Sunday, February 13, 2022

Anniversary Of America's Worst Cold Wave - Way Back In 1899

A snowball fight on the steps of the Florida
Statehouse Tallahassee, February 13, 1899
during the worst cold spell in American 
history. 
 If you think it's cold today - and it is - be glad you weren't around in 1899.  

The second week in February that year brought the worst cold wave in American history.  This was the winter that brought actual temperatures  - not wind chills - ranging from 61 below in Montana to 2 below in Tallahassee, Florida. Yes, Florida. 

This is the only known time that temperatures fell below zero in Florida.

Come to think of it, though, it is about as cold in Vermont today as it was during that cold spell in 1899.  

That's because the bulk of the 1899 blast  hit to our west and south, running from the Pacific Northwest, into the Rocky Mountains, then the Plains, through the Midwest and down to the Gulf Coast and Southeast. 

Northern New England got a break in that one. 

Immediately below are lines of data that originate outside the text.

(* Let $q$ be a prime power and $d$ an integer with $5\le d\le q$. Let $\mathcal C$ be the $[q+1,q+2-d,d]_q$ normalized GDRS code and $\mathcal V^{(2)}$ a coset of weight $2$ of $\mathcal C$ with coset leader $\mathbf v_2(j_1,j_2;\gamma_1,\gamma_2)$. Let $\beta$ be a primitive element of $\mathbb F_q$ and let $\lambda(\gamma_1,\gamma_2)\in\mathbb Z_{q-1}$ satisfy $\beta^{\lambda(\gamma_1,\gamma_2)}=-\gamma_2/\gamma_1$. Then the number $B_{d-2}(\mathcal V^{(2)})$ of vectors of weight $d-2$ in $\mathcal V^{(2)}$ does not depend on the positions $j_1,j_2$ and equals $\mathrm P^+_{q-1,d-2}(\lambda(\gamma_1,\gamma_2))$.
   Context: Normalized GDRS code: the $\mathbb F_q$-linear code of length $q+1$ which is the kernel of the $(d-1)\times(q+1)$ matrix whose first $q$ columns are $(1,m,\dots,m^{d-2})^T$, $m$ running over $\mathbb F_q$, and whose last column is $(0,\dots,0,1)^T$. A coset of weight $2$ is a coset $\mathbf v+\mathcal C$ of minimum Hamming weight $2$; a coset leader is a vector of minimum weight in it. $\mathbf v_2(j_1,j_2;\gamma_1,\gamma_2)$ is the vector with $\gamma_1,\gamma_2\in\mathbb F_q^*$ in positions $j_1\ne j_2$ and zeros elsewhere. For positive integers $\mu<R$ and $\lambda\in\mathbb Z_R$, $\mathrm P^+_{R,\mu}(\lambda)$ is the number of $\mu$-element subsets of $\mathbb Z_R$ whose elements sum to $\lambda$ in $\mathbb Z_R$. *)

theory Defs
  imports Main
begin

text \<open>Positions of a code of length q+1 over the finite field 'a with q = CARD('a):
  position Some m (m in F_q) carries the column (1,m,...,m^(d-2)), position None
  carries the last column (0,...,0,1).\<close>

definition hweight :: "('a option \<Rightarrow> 'a::zero) \<Rightarrow> nat" where
  "hweight v = card {j. v j \<noteq> 0}"

definition GDRS_code :: "nat \<Rightarrow> ('a::{finite,field} option \<Rightarrow> 'a) set" where
  "GDRS_code d = {c. \<forall>i < d - 1.
      (\<Sum>m\<in>UNIV. c (Some m) * m ^ i) + (if i = d - 2 then c None else 0) = 0}"

definition coset :: "('a option \<Rightarrow> 'a::{finite,field}) \<Rightarrow> ('a option \<Rightarrow> 'a) set \<Rightarrow> ('a option \<Rightarrow> 'a) set" where
  "coset v C = {(\<lambda>j. v j + c j) | c. c \<in> C}"

definition coset_weight :: "('a option \<Rightarrow> 'a::{finite,field}) set \<Rightarrow> nat" where
  "coset_weight V = (LEAST w. \<exists>x\<in>V. hweight x = w)"

definition v2 :: "'a option \<Rightarrow> 'a option \<Rightarrow> 'a \<Rightarrow> 'a \<Rightarrow> ('a option \<Rightarrow> 'a::zero)" where
  "v2 j1 j2 g1 g2 = (\<lambda>j. if j = j1 then g1 else if j = j2 then g2 else 0)"

definition B_count :: "nat \<Rightarrow> ('a option \<Rightarrow> 'a::{finite,field}) set \<Rightarrow> nat" where
  "B_count w V = card {x \<in> V. hweight x = w}"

The coldest air in the 1899  outbreak came through Vermont on February 10-12 and it really wasn't that bad. Low temperatures those three days in Burlington were minus 6, minus 10 and minus 8.

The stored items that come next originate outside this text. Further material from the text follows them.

(* For all integers $N\ge2$ and real $0<\theta<2\pi$, $$\prod_{j=1}^N\big|e^{ij\theta/N}-1\big|^{-1}<\frac{2N}{\theta\sin(\theta/2)}\exp\Big(N\frac{\mathrm{Cl}_2(\theta)}{\theta}\Big).$$
   Context: $\mathrm{Cl}_2(\theta):=\sum_{k\ge1}k^{-2}\sin(k\theta)$ is the Clausen function. *)

theory Defs
  imports "HOL-Analysis.Analysis"
begin

definition clausen2 :: "real \<Rightarrow> real" where
  "clausen2 \<theta> = (\<Sum>k. sin (real (Suc k) * \<theta>) / (real (Suc k))^2)"

end

theory Submission
  imports Defs "HOL-Real_Asymp.Real_Asymp"
begin

text \<open>Write h = \<theta>/N. The logarithm of the product is the Riemann sum \<Sum>_{j=1}^N Cl_1(jh) of
  Cl_1(t) = -ln(2 sin(t/2)), which is the derivative of Cl_2 on (0, 2\<pi>) and is convex there.
  By convexity h Cl_1(jh) is at most the integral of Cl_1 over [jh - h/2, jh + h/2], so the terms
  j < N add up to at most Cl_2(\<theta> - h/2) - Cl_2(h/2). The two end pieces are controlled by
  Cl_1 \<ge> -ln 2 and Cl_1(t) \<ge> -ln t, which gives Cl_2(h/2) \<ge> (h/2)(1 - ln(h/2)); the remaining
  constant is absorbed using h < \<pi> and \<pi>^3 < 32.\<close>

lemma summable_inverse_Suc_power2: "summable (\<lambda>k. 1 / real (Suc k) ^ 2)"
proof -
  have "summable (\<lambda>n. inverse (real n ^ 2))"
    by (rule inverse_power_summable) simp
  then show ?thesis
    by (subst (asm) summable_Suc_iff[symmetric]) (simp add: divide_inverse)
qed

lemma continuous_on_suminf_div_Suc_power2:
  fixes f :: "nat \<Rightarrow> real \<Rightarrow> real"
  assumes "\<And>n. continuous_on S (f n)" and "\<And>n x. x \<in> S \<Longrightarrow> \<bar>f n x\<bar> \<le> 1"
  shows "continuous_on S (\<lambda>x. \<Sum>n. f n x / real (Suc n) ^ 2)"
proof -
  have "uniform_limit S (\<lambda>n x. \<Sum>i<n. f i x / real (Suc i) ^ 2)
          (\<lambda>x. \<Sum>i. f i x / real (Suc i) ^ 2) sequentially"
    by (rule Weierstrass_m_test[OF _ summable_inverse_Suc_power2])
       (simp add: assms(2) divide_right_mono)
  then show ?thesis
    by (rule uniform_limit_theorem[rotated])
       (auto intro!: always_eventually continuous_intros assms(1))
qed

lemma has_real_derivative_uniform_limit:
  fixes f f' :: "nat \<Rightarrow> real \<Rightarrow> real"
  assumes "open S" "convex S" "x \<in> S"
    and "\<And>n y. y \<in> S \<Longrightarrow> (f n has_real_derivative f' n y) (at y)"
    and "uniform_limit S f' g' sequentially"
    and "\<And>y. y \<in> S \<Longrightarrow> (\<lambda>n. f n y) \<longlonglongrightarrow> g y"
  shows "(g has_real_derivative g' x) (at x)"
proof -
  have deriv: "(f n has_derivative (\<lambda>h. f' n y * h)) (at y within S)" if "y \<in> S" for n y
    using assms(4)[OF that] by (auto simp: has_field_derivative_def intro: has_derivative_at_withinI)
  have deriv_unif: "\<forall>\<^sub>F n in sequentially. \<forall>y\<in>S. \<forall>h. norm (f' n y * h - g' y * h) \<le> e * norm h"
    if "0 < e" for e
    using uniform_limitD[OF assms(5) that]
    by eventually_elim (auto simp: dist_real_def abs_mult mult_right_mono simp flip: left_diff_distrib)
  from has_derivative_sequence[OF assms(2) deriv deriv_unif assms(3) assms(6)[OF assms(3)]]
  obtain G where G: "\<And>y. y \<in> S \<Longrightarrow> (\<lambda>n. f n y) \<longlonglongrightarrow> G y
      \<and> (G has_derivative (\<lambda>h. g' y * h)) (at y within S)"
    by blast
  have "(G has_real_derivative g' x) (at x)"
    using G[OF assms(3)] at_within_open[OF assms(3,1)] by (simp add: has_field_derivative_def)
  moreover have "G y = g y" if "y \<in> S" for y
    using G[OF that] assms(6)[OF that] LIMSEQ_unique by blast
  ultimately show ?thesis
    using has_field_derivative_transform_within_open[OF _ assms(1,3)] by blast
qed

lemma abs_ln_diff_le:
  fixes a b c :: real
  assumes "0 < c" "c \<le> a" "c \<le> b"
  shows "\<bar>ln a - ln b\<bar> \<le> \<bar>a - b\<bar> / c"
proof -
  have one_side: "ln x - ln y \<le> \<bar>a - b\<bar> / c" if "{x, y} = {a, b}" for x y
  proof -
    have xy: "c \<le> x" "c \<le> y" "\<bar>x - y\<bar> = \<bar>a - b\<bar>"
      using that assms by (auto simp: doubleton_eq_iff)
    have "ln x - ln y = ln (x / y)"
      using xy assms by (simp add: ln_div)
    also have "\<dots> \<le> (x - y) / y"
      using ln_le_minus_one[of "x / y"] xy assms by (simp add: diff_divide_distrib)
    also have "\<dots> \<le> \<bar>x - y\<bar> / c"
      using xy assms by (simp add: frac_le)
    finally show ?thesis
      using xy by simp
  qed
  show ?thesis
    using one_side[of a b] one_side[of b a] by (auto simp: insert_commute)
qed

lemma sin_half_pos: "0 < t \<Longrightarrow> t < 2 * pi \<Longrightarrow> 0 < sin (t / 2)"
  by (intro sin_gt_zero) auto

lemma cos_le_cos_margin:
  assumes "0 \<le> d" "d \<le> t" "t \<le> 2 * pi - d"
  shows "cos t \<le> cos d"
proof (cases "t \<le> pi")
  case True
  then show ?thesis
    using assms by (intro cos_monotone_0_pi_le) auto
next
  case False
  then have "cos (2 * pi - t) \<le> cos d"
    using assms by (intro cos_monotone_0_pi_le) auto
  then show ?thesis
    by simp
qed

lemma sin_half_product_le:
  fixes x u :: real
  shows "sin ((x + u) / 2) * sin ((x - u) / 2) \<le> sin (x / 2) ^ 2"
proof -
  have "(x + u) / 2 - (x - u) / 2 = u" "(x + u) / 2 + (x - u) / 2 = x"
    by (simp_all add: field_simps)
  then have "sin ((x + u) / 2) * sin ((x - u) / 2) = (cos u - cos x) / 2"
    by (simp only: sin_times_sin)
  also have "\<dots> \<le> (1 - cos x) / 2"
    by simp
  also have "\<dots> = sin (x / 2) ^ 2"
    using cos_double_sin[of "x / 2"] by simp
  finally show ?thesis .
qed

lemma three_ln_less_five_ln2:
  assumes "0 < h" "h < pi"
  shows "3 * ln h < 5 * ln 2"
proof -
  have "pi < 3.1416"
    using pi_approx by simp
  then have "h ^ 3 < 3.1416 ^ 3"
    using assms by (intro power_strict_mono) auto
  also have "\<dots> < 32"
    by (simp add: power_divide)
  finally have "h ^ 3 < 32" .
  have "3 * ln h = ln (h ^ 3)"
    using assms(1) by (simp add: ln_realpow)
  also have "\<dots> < ln 32"
    using \<open>h ^ 3 < 32\<close> assms(1) by simp
  also have "ln 32 = 5 * ln (2 :: real)"
    using ln_realpow[of 2 5] by simp
  finally show ?thesis .
qed

definition clausen2_abel :: "real \<Rightarrow> real \<Rightarrow> real" where
  "clausen2_abel r t = (\<Sum>k. r ^ Suc k * sin (real (Suc k) * t) / real (Suc k) ^ 2)"

text \<open>On (0, 2\<pi>) this is the conditionally convergent Clausen series Cl_1(t) = \<Sum>k\<ge>1. cos(kt)/k.\<close>

definition clausen1 :: "real \<Rightarrow> real" where
  "clausen1 t = - ln (2 * sin (t / 2))"

definition clausen1_abel :: "real \<Rightarrow> real \<Rightarrow> real" where
  "clausen1_abel r t = - ln (cmod (1 - complex_of_real r * exp (\<i> * complex_of_real t)))"

lemma continuous_clausen2: "continuous_on UNIV clausen2"
  unfolding clausen2_def[abs_def]
  by (rule continuous_on_suminf_div_Suc_power2) (auto intro!: continuous_intros)

lemma continuous_on_clausen2_abel: "continuous_on {0..1} (\<lambda>r. clausen2_abel r t)"
  unfolding clausen2_abel_def
  by (rule continuous_on_suminf_div_Suc_power2)
     (auto simp: abs_mult intro!: continuous_intros mult_le_one power_le_one)

lemma clausen2_abel_one: "clausen2_abel 1 t = clausen2 t"
  by (simp add: clausen2_abel_def clausen2_def)

lemma clausen1_abel_sums:
  assumes "0 \<le> r" "r < 1"
  shows "(\<lambda>k. r ^ Suc k * cos (real (Suc k) * t) / real (Suc k)) sums clausen1_abel r t"
proof -
  define w where "w = complex_of_real r * exp (\<i> * complex_of_real t)"
  have norm_w: "cmod w = r"
    using assms by (simp add: w_def norm_mult)
  have "(\<lambda>n. - (w ^ n) / of_nat n) sums ln (1 - w)"
    using Ln_series'[of "- w"] norm_w assms by simp
  then have "(\<lambda>k. - (w ^ Suc k) / of_nat (Suc k)) sums ln (1 - w)"
    by (subst sums_Suc_iff) simp
  then have "(\<lambda>k. w ^ Suc k / of_nat (Suc k)) sums - ln (1 - w)"
    using sums_minus by fastforce
  then have "(\<lambda>k. Re (w ^ Suc k / of_nat (Suc k))) sums Re (- ln (1 - w))"
    by (rule sums_Re)
  moreover have "Re (w ^ Suc k / of_nat (Suc k)) = r ^ Suc k * cos (real (Suc k) * t) / real (Suc k)" for k
  proof -
    have "w ^ Suc k = complex_of_real (r ^ Suc k) * exp (\<i> * complex_of_real (real (Suc k) * t))"
      unfolding w_def power_mult_distrib exp_of_nat_mult[symmetric] by (simp add: mult_ac)
    then show ?thesis
      by (simp add: Re_divide_of_nat Re_exp)
  qed
  moreover have "1 - w \<noteq> 0"
    using norm_w assms by auto
  ultimately show ?thesis
    by (simp add: clausen1_abel_def w_def)
qed

lemma has_real_derivative_clausen2_abel:
  assumes "0 \<le> r" "r < 1"
  shows "(clausen2_abel r has_real_derivative clausen1_abel r t) (at t)"
proof -
  define f where "f k x = r ^ Suc k / real (Suc k) ^ 2 * sin (real (Suc k) * x)" for k x
  define f' where "f' k x = r ^ Suc k * cos (real (Suc k) * x) / real (Suc k)" for k x
  have deriv_terms: "(f k has_field_derivative f' k x) (at x)" for k x
    unfolding f_def f'_def by (auto intro!: derivative_eq_intros simp: power2_eq_square)
  have uniform: "uniformly_convergent_on UNIV (\<lambda>n x. \<Sum>k<n. f' k x)"
  proof (rule Weierstrass_m_test'[of _ _ "\<lambda>k. r ^ Suc k"])
    show "norm (f' k x) \<le> r ^ Suc k" for k x
    proof -
      have "\<bar>cos (real (Suc k) * x)\<bar> \<le> real (Suc k)"
        by (rule order_trans[OF abs_cos_le_one]) simp
      then have "\<bar>cos (real (Suc k) * x)\<bar> / real (Suc k) \<le> 1"
        by (simp add: divide_le_eq)
      then have "r ^ Suc k * (\<bar>cos (real (Suc k) * x)\<bar> / real (Suc k)) \<le> r ^ Suc k"
        by (rule mult_left_le) (use assms in simp)
      then show ?thesis
        unfolding f'_def using assms by (simp add: abs_mult)
    qed
    show "summable (\<lambda>k. r ^ Suc k)"
      using assms by (simp add: summable_geometric summable_mult)
  qed
  have "((\<lambda>x. \<Sum>k. f k x) has_field_derivative (\<Sum>k. f' k t)) (at t)"
  proof (rule has_field_derivative_series'(2)[OF _ deriv_terms uniform])
    show "summable (\<lambda>k. f k 0)"
      by (simp add: f_def)
  qed auto
  moreover have "(\<lambda>x. \<Sum>k. f k x) = clausen2_abel r"
    by (simp add: fun_eq_iff f_def clausen2_abel_def)
  moreover have "(\<Sum>k. f' k t) = clausen1_abel r t"
    using clausen1_abel_sums[OF assms] by (simp add: f'_def sums_iff)
  ultimately show ?thesis
    by simp
qed

lemma norm_one_minus_polar_squared:
  "cmod (1 - complex_of_real r * exp (\<i> * complex_of_real t)) ^ 2 = (1 - r) ^ 2 + 2 * r * (1 - cos t)"
proof -
  have "r\<^sup>2 * (cos t)\<^sup>2 + r\<^sup>2 * (sin t)\<^sup>2 = r\<^sup>2"
    by (simp flip: distrib_left)
  then show ?thesis
    by (simp add: cmod_power2 Re_exp Im_exp power_mult_distrib power2_diff algebra_simps)
qed

lemma norm_one_minus_polar_ge:
  assumes "1 / 2 \<le> r" "0 \<le> d" "d \<le> t" "t \<le> 2 * pi - d"
  shows "sqrt (1 - cos d) \<le> cmod (1 - complex_of_real r * exp (\<i> * complex_of_real t))"
proof -
  have "1 * (1 - cos t) \<le> (2 * r) * (1 - cos t)"
    using assms(1) by (intro mult_right_mono) auto
  then have "1 - cos d \<le> 2 * r * (1 - cos t)"
    using cos_le_cos_margin[OF assms(2-4)] by simp
  also have "\<dots> \<le> cmod (1 - complex_of_real r * exp (\<i> * complex_of_real t)) ^ 2"
    unfolding norm_one_minus_polar_squared by simp
  finally show ?thesis
    by (simp add: real_le_lsqrt)
qed

lemma abs_clausen1_abel_diff_le:
  assumes "1 / 2 \<le> r" "r \<le> 1" "0 < d" "d \<le> t" "t \<le> 2 * pi - d"
  shows "\<bar>clausen1_abel r t - clausen1_abel 1 t\<bar> \<le> (1 - r) / sqrt (1 - cos d)"
proof -
  define z where "z = exp (\<i> * complex_of_real t)"
  have "0 < sin (d / 2)"
    using assms by (intro sin_half_pos) auto
  then have "0 < sqrt (1 - cos d)"
    using cos_double_sin[of "d / 2"] by simp
  define A B where "A = cmod (1 - of_real r * z)" and "B = cmod (1 - of_real 1 * z)"
  have "\<bar>A - B\<bar> \<le> cmod (of_real (1 - r) * z)"
    using norm_triangle_ineq3[of "1 - of_real r * z" "1 - of_real 1 * z"]
    by (simp add: A_def B_def algebra_simps)
  also have "\<dots> = 1 - r"
    using assms(2) by (simp add: z_def norm_mult del: of_real_diff)
  finally have "\<bar>A - B\<bar> \<le> 1 - r" .
  moreover have "\<bar>ln A - ln B\<bar> \<le> \<bar>A - B\<bar> / sqrt (1 - cos d)"
    using assms unfolding A_def B_def z_def
    by (intro abs_ln_diff_le \<open>0 < sqrt (1 - cos d)\<close> norm_one_minus_polar_ge) auto
  moreover have "clausen1_abel r t - clausen1_abel 1 t = ln B - ln A"
    by (simp add: clausen1_abel_def A_def B_def z_def)
  ultimately show ?thesis
    using \<open>0 < sqrt (1 - cos d)\<close> by (smt (verit) divide_right_mono)
qed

Incredibly on February 13, Burlington, Vermont was a full 13 degrees warmer than Tallahassee.  The low temperature that day in Burlington was for us, close to average for the season, at  11 degrees above zero. 

Other cold readings outside of Vermont on February 13, 1899 seem impossible by today's standards. It was 28 below in Springfield, Missouri; 6 above in Galveston, Texas; minus 4 in Shreveport, Louisiana and 7 above in New Orleans. 

For comparison, the worst cold wave in the South in recent years, which  happened last February, seems tame by comparison. Last February, the coldest it got in Galveston was 20 degrees. New Orleans last February bottomed out at 25 degrees and Shreveport was 1 above zero.

The cold wave incredibly created ice in the entire Mississippi River. Ice floes floated past New Orleans and emptied out into the Gulf of Mexico. 

The Weather Bureau, the predecessor to the current-day National Weather Service, actually did an amazing job forecasting this cold wave, especially given the limited knowledge and technology of the time. 

Places in the path of the cold wave were given a one or two day advance warning of the frigid air, allowing people to protect themselves and property from the cold.  About 100 people died in the cold wave, which is a very low death toll given the magnitude of the event.

There was nothing anybody could do to protect crops in the far southern United States. The nascent Florida citrus industry took a terrible blow.  The cold was intense enough to not just wreck that year's crop but to kill orange trees in many locations.

Cold waves often spawn snowstorms on the southern and eastern edges of the brutal chill, and 1899 was no exception.  The Arctic blast generated a storm that dusted Fort Myers and Tampa, Florida with snow on February 12.

The storm then roared up the Eastern Seaboard.  Intense cold accompanied blinding snow. The storm dumped 20 inches of snow on Washington DC, and 34 inches on Cape May, New Jersey, a part of that state on the Atlantic Coast that often avoids the worst of the frigid nor'easters that sometime lumber their way up the East Coast.

Once again, the snowstorm wasn't that bad in Vermont, at least in the northwestern part of the state.  Five inches of snow fell on Burlington, Vermont, raising the snow cover on the ground to a foot of snow. As we know, those figures are absolutely no big deal for Vermont. 

A high pressure system from the Arctic with near record high barometric pressures caused this cold wave. If you get such a high pressure system with very high pressure - over 31 inches - you're very likely to experience record cold.

Brutal cold waves are always very possible in the United States during the winter.  As I've already noted, the Midwest and South suffered such an Arctic blast last February. 

However, I'd say that climate change has rendered anything on the level of February, 1899 pretty much impossible.